3 is a block diagram of a processing system that may be used to implement any of the foregoing techniques, such as an encoder. In some embodiments, it should be noted that at least some of the components shown in FIG. 3 may be distributed between two or more physically separated but connected computing platforms or boxes. The processing may represent a conventional server-class computer, PC, mobile communication device (eg, a smartphone) or any other known or conventional processing / communication device.

도 3에 도시된 처리 시스템(301)은 하나 이상의 프로세서(310), 즉 중앙 처리 장치(CPU)와, 메모리(320)와, 이더넷 어댑터 및/또는 무선 통신 서브 시스템(예를 들어, 휴대 전화, 와이파이, 블루투스 등)과 같은 적어도 하나의 통신 장치(340)와, 하나 이상의 I/O 장치(370, 380)를 포함하며, 그 모두는 상호 연결부(390)를 통해 서로 연결된다.
The processing system 301 shown in FIG. 3 includes one or more processors 310, i.e., a central processing unit (CPU), a memory 320, an Ethernet adapter and / or a wireless communication subsystem (e.g., a mobile phone, At least one communication device 340, such as Wi-Fi, Bluetooth, and the like, and one or more I / O devices 370 and 380, all of which are connected to each other via an interconnect 390.

프로세서(들)(310)는 컴퓨터 시스템(301)의 동작을 제어하고, 하나 이상의 프로그래머블 범용 또는 특수 목적 마이크로프로세서, 마이크로 컨트롤러, ASIC(application specific integrated circuit), 프로그래머블 논리 장치(programmable logic device(PLD)) 또는 이러한 장치들의 조합이거나 이를 포함할 수 있다. 상호 연결부(390)는 하나 이상의 버스, 직접 연결부 및/또는 다른 종류의 물리적 연결부를 포함할 수 있으며, 본 발명이 속하는 기술 분야에서 널리 알려진 것과 같은 다양한 브릿지, 컨트롤러 및/또는 어댑터를 포함할 수 있다. 상호 연결부(390)는 하나 이상의 어댑터를 통해 PCI(Peripheral Component Interconnect) 버스, 하이퍼 트랜스포트(HyperTransport) 또는 ISA(industry standard architecture) 버스, SCSI(small computer system interface) 버스, USB(universal serial bus) 또는 IEEE(Institute of Electrical and Electronics Engineers) 표준 1394 버스(가끔 "파이어와이어(Firewire)"라 함)의 형태와 같은 하나 이상의 확장 버스에 연결될 수 있는 "시스템 버스"를 더 포함할 수 있다.
The processor (s) 310 control the operation of the computer system 301 and include one or more programmable general purpose or special purpose microprocessors, microcontrollers, application specific integrated circuits (ASICs), programmable logic devices (PLDs).
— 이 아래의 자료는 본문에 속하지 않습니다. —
(* In the setting described in the context, assume the problem is extremely ill-posed, i.e. $a_k\asymp e^{-pk^s}$ as $k\to\infty$ with $p>0$ and $s\ge1$, and let $\beta>0$. Take $\lambda_k=\rho_n^2k^{-1-2\alpha}$ with $\alpha>0$ and any positive sequence $\rho_n$ with $\rho_n^2n\to\infty$. Then for any $K>0$ and any $M_n\to\infty$, \[\sup_{f_0\in S^\beta:\|f_0\|_\beta\le K}\mathbb{E}_{f_0}\Pi_n\big(f:\|f-f_0\|_{H_1}\ge M_n\varepsilon_n\mid U^n\big)\to 0,\] where \[\varepsilon_n=\varepsilon_{n,1}\vee\varepsilon_{n,2}=(\log(\rho_n^2n))^{-\beta/s}\vee\rho_n(\log(\rho_n^2n))^{-\alpha/s}.\] In particular: (i) if $\rho_n=1$, then $\varepsilon_n=(\log n)^{-(\alpha\wedge\beta)/s}$; (ii) if $n^{-1/2+\delta}\lesssim\rho_n\lesssim(\log n)^{(\alpha-\beta)/s}$ for some $\delta>0$, then $\varepsilon_n=(\log n)^{-\beta/s}$. Furthermore, if instead $\lambda_k=\exp(-\alpha k^s)$ with $\alpha>0$, the same convergence holds with $\varepsilon_n=(\log n)^{-\beta/s}$.
   Context: Let $H_1,H_2\subset L^2([0,1])$ be Hilbert spaces of functions on $[0,1]$ and $A:H_1\to H_2$ an injective compact linear operator. Let $\{\varphi_k\}_{k\ge1}$ be an orthonormal eigenbasis of $A^*A$ in $H_1$, $A^*A\varphi_k=a_k^2\varphi_k$ with $a_k>0$, and let $\psi_k:=A\varphi_k/a_k$ (an orthonormal system, $A\varphi_k=a_k\psi_k$). For $f\in H_1$ write $f_k=\langle f,\varphi_k\rangle$, identify $f$ with $(f_k)_k$, so $\|f\|_{H_1}^2=\sum_kf_k^2$. For $\beta\ge0$, $S^\beta$ is the set of $f=\sum_kf_k\varphi_k$ with $\|f\|_\beta:=(\sum_k f_k^2k^{2\beta})^{1/2}<\infty$. Observations: for $n\ge2$, design points $x_i=i/n$, and $Y_i=Af(x_i)+\xi_i$, $i=1,\dots,n$, with $\xi_i$ i.i.d. $\mathcal N(0,1)$ ($Af$ continuous). Put $\langle g,h\rangle_d:=\frac1n\sum_{i=1}^ng(x_i)h(x_i)$. Standing assumption on the conjugate basis: (i) $\langle\psi_j,\psi_k\rangle_d=\delta_{jk}$ for $1\le j,k\le n-1$; (ii) for $1\le k\le n-1$ and fixed $l\in\mathbb N$, among $j\in\{ln,\dots,(l+1)n-1\}$ there is exactly one $\tilde j=ln+\bar k$ ($\bar k$ depending only on the parity of $l$) with $0<|\langle\psi_{\tilde j},\psi_k\rangle_d|<M$ for a fixed constant $M$, and $\langle\psi_j,\psi_k\rangle_d=0$ for all other such $j$. Transformed data: $U_k:=\frac1n\sum_{i=1}^nY_i\psi_k(x_i)$, $k=1,\dots,n-1$, $U^n=(U_1,\dots,U_{n-1})$; thus $U_k=a_kf_k+R_k(f)+\zeta_k/\sqrt n$ with $R_k(f)=\langle A\sum_{j\ge n}f_j\varphi_j,\psi_k\rangle_d$ and $\zeta_k=n^{-1/2}\sum_{i=1}^n\xi_i\psi_k(x_i)$. $\mathbb E_{f_0}$ denotes expectation when the data are generated with $f=f_0$. Prior: $f_k\sim\mathcal N(0,\lambda_k)$ independently for $k<n$, $f_k=0$ for $k\ge n$, independent of the noise. The posterior is $\Pi_n(\cdot\mid U^n)=\bigotimes_{k\in\mathbb N}\mathcal N(\hat f_k,\sigma_k^2)$ (on coefficients) with $\hat f_k=\frac{na_k\lambda_k\mathbf 1\{k<n\}}{na_k^2\lambda_k+1}U_k$, $\sigma_k^2=\frac{\lambda_k\mathbf 1\{k<n\}}{na_k^2\lambda_k+1}$. Notation: $a\vee b=\max$, $a\wedge b=\min$; $a_n\lesssim b_n$ means $a_n\le Cb_n$ for a constant $C$; $a_n\asymp b_n$ means $a_n/b_n$ is bounded away from $0$ and $\infty$. *)

theory Defs
  imports "HOL-Probability.Probability" "HOL-Library.Landau_Symbols"
begin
Or a combination of these devices. Interconnect 390 may include one or more buses, direct connections, and / or other types of physical connections, and may include various bridges, controllers, and / or adapters as are well known in the art. . Interconnect 390 is connected to a Peripheral Component Interconnect (PCI) bus, HyperTransport or Industrial Standard Architecture (ISA) bus, small computer system interface (SCSI) bus, universal serial bus (USB), or the like through one or more adapters. It may further include a "system bus" that may be connected to one or more expansion buses, such as in the form of an Institute of Electrical and Electronics Engineers (IEEE) standard 1394 bus (sometimes referred to as "Firewire").
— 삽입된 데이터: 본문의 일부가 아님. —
lemma equivp_transversals_meet_and_avoid:
  fixes R :: "'a \<Rightarrow> 'a \<Rightarrow> bool" and \<F> :: "'a set set"
  assumes unc: "uncountable (UNIV :: 'a set)"
    and right: "\<And>a. countable {x. R a x}" and left: "\<And>a. countable {x. R x a}"
    and few: "\<F> \<lesssim> (UNIV :: 'a set)" and large: "\<And>P. P \<in> \<F> \<Longrightarrow> (UNIV :: 'a set) \<lesssim> P"
  obtains E where "equivp E"
    and "\<And>S P. \<forall>x. \<exists>v\<in>S. E x v \<Longrightarrow> \<forall>x\<in>S. \<forall>y\<in>S. E x y \<longrightarrow> x = y \<Longrightarrow> P \<in> \<F> \<Longrightarrow>
           P \<inter> S \<noteq> {} \<and> \<not> P \<subseteq> {x. \<exists>a\<in>S. R x a}"
proof -
  obtain g :: "'a \<Rightarrow> 'a set" where g: "\<F> \<subseteq> range g" using few by (auto simp: lepoll_iff)
  define \<tau> where "\<tau> i = (if g i \<in> \<F> then g i else UNIV)" for i
  have "(UNIV :: 'a set) \<lesssim> \<tau> i" for i using large by (simp add: \<tau>_def)
  then obtain q p p' where in_\<tau>: "\<And>i. q i \<in> \<tau> i" "\<And>i. p i \<in> \<tau> i" "\<And>i. p' i \<in> \<tau> i"
    and split: "\<And>i. {x. R (p i) x} \<inter> {x. R (p' i) x} = {}"
    and disjoint: "\<And>i j. i \<noteq> j \<Longrightarrow>
           ({x. R (p i) x} \<union> {x. R (p' i) x}) \<inter> ({x. R (p j) x} \<union> {x. R (p' j) x}) = {}"
    and outside: "\<And>i j. q i \<notin> {x. R (p j) x} \<union> {x. R (p' j) x}"
    using points_with_disjoint_sections[OF unc right left] by metis
  define K where "K i = {x. R (p i) x} \<union> {x. R (p' i) x}" for i
  define E where "E x y \<longleftrightarrow> x = y \<or> (\<exists>i. x \<in> K i \<and> y \<in> K i)" for x y
  have "equivp E"
    unfolding E_def[abs_def] using disjoint by (intro equivp_same_block) (simp add: K_def)
  moreover have "P \<inter> S \<noteq> {} \<and> \<not> P \<subseteq> {x. \<exists>a\<in>S. R x a}"
    if cover: "\<forall>x. \<exists>v\<in>S. E x v" and unique: "\<forall>x\<in>S. \<forall>y\<in>S. E x y \<longrightarrow> x = y" and "P \<in> \<F>"
    for S P
  proof -
    obtain i where P: "\<tau> i = P" using g \<open>P \<in> \<F>\<close> by (force simp: \<tau>_def)
    obtain v where "v \<in> S" "E (q i) v" using cover by blast
    then have "q i \<in> S" using outside[of i] by (auto simp: E_def K_def)
    moreover have "\<not> (p i \<in> {x. \<exists>a\<in>S. R x a} \<and> p' i \<in> {x. \<exists>a\<in>S. R x a})"
    proof
      assume "p i \<in> {x. \<exists>a\<in>S. R x a} \<and> p' i \<in> {x. \<exists>a\<in>S. R x a}"
      then obtain a a' where "a \<in> S" "R (p i) a" "a' \<in> S" "R (p' i) a'" by blast
      moreover from this have "E a a'" by (auto simp: E_def K_def)
      ultimately show False using unique split[of i] by blast
    qed
    ultimately show ?thesis using in_\<tau>[of i] P by blast
  qed
  ultimately show thesis by (rule that)
qed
메모리(320)는, ROM(read-only memory), RAM(random access memory), 플래시 메모리, 디스크 드라이브 등과 같은 하나 이상의 종류의 하나 이상의 메모리 장치이거나 이를 포함할 수 있다. 네트워크 어댑터(340)는 처리 시스템(301)이 통신 링크를 통해 원격 처리 시스템과 데이터를 통신할 수 있게 하기에 적합한 장치이고, 예를 들어, 종래의 전화 모뎀, 무선 모뎀, DSL(Digital Subscriber Line) 모뎀, 케이블 모뎀, 무선 트랜스시버, 위성 트랜스시버, 이더넷 어댑터 등일 수 있다. I/O 장치(370, 380)는, 예를 들어, 마우스, 트랙볼, 터치패드 등과 같은 지시 장치; 키보드; 음성 인식 인터페이스를 갖는 마이크; 오디오 스피커; 디스플레이 장치 등을 포함할 수 있다. 그러나, 적어도 일부 환경에서는 서버가 그러하듯이, 이러한 I/O 장치는 서버로서 독점적으로 동작되고 직접적인 사용자 인터페이스를 제공하지 않는 시스템에서는 불필요할 수 있다. 예시된 부품 세트에서의 다른 변동은 본 발명과 일치하는 방식으로 구현될 수 있다.
The memory 320 may be or include one or more types of one or more types of memory devices, such as read-only memory (ROM), random access memory (RAM), flash memory, disk drive, and the like. The network adapter 340 is a device suitable for allowing the processing system 301 to communicate data with a remote processing system via a communication link, for example, a conventional telephone modem, a wireless modem, a digital subscriber line (DSL). Modem, cable modem, wireless transceiver, satellite transceiver, Ethernet adapter, and the like. I / O devices 370 and 380 may include, for example, pointing devices such as a mouse, trackball, touch pad, and the like; keyboard; A microphone having a voice recognition interface; Audio speakers; And a display device. However, as with servers in at least some circumstances, such I / O devices may be unnecessary in systems that operate exclusively as servers and do not provide a direct user interface. Other variations in the illustrated set of parts may be implemented in a manner consistent with the present invention.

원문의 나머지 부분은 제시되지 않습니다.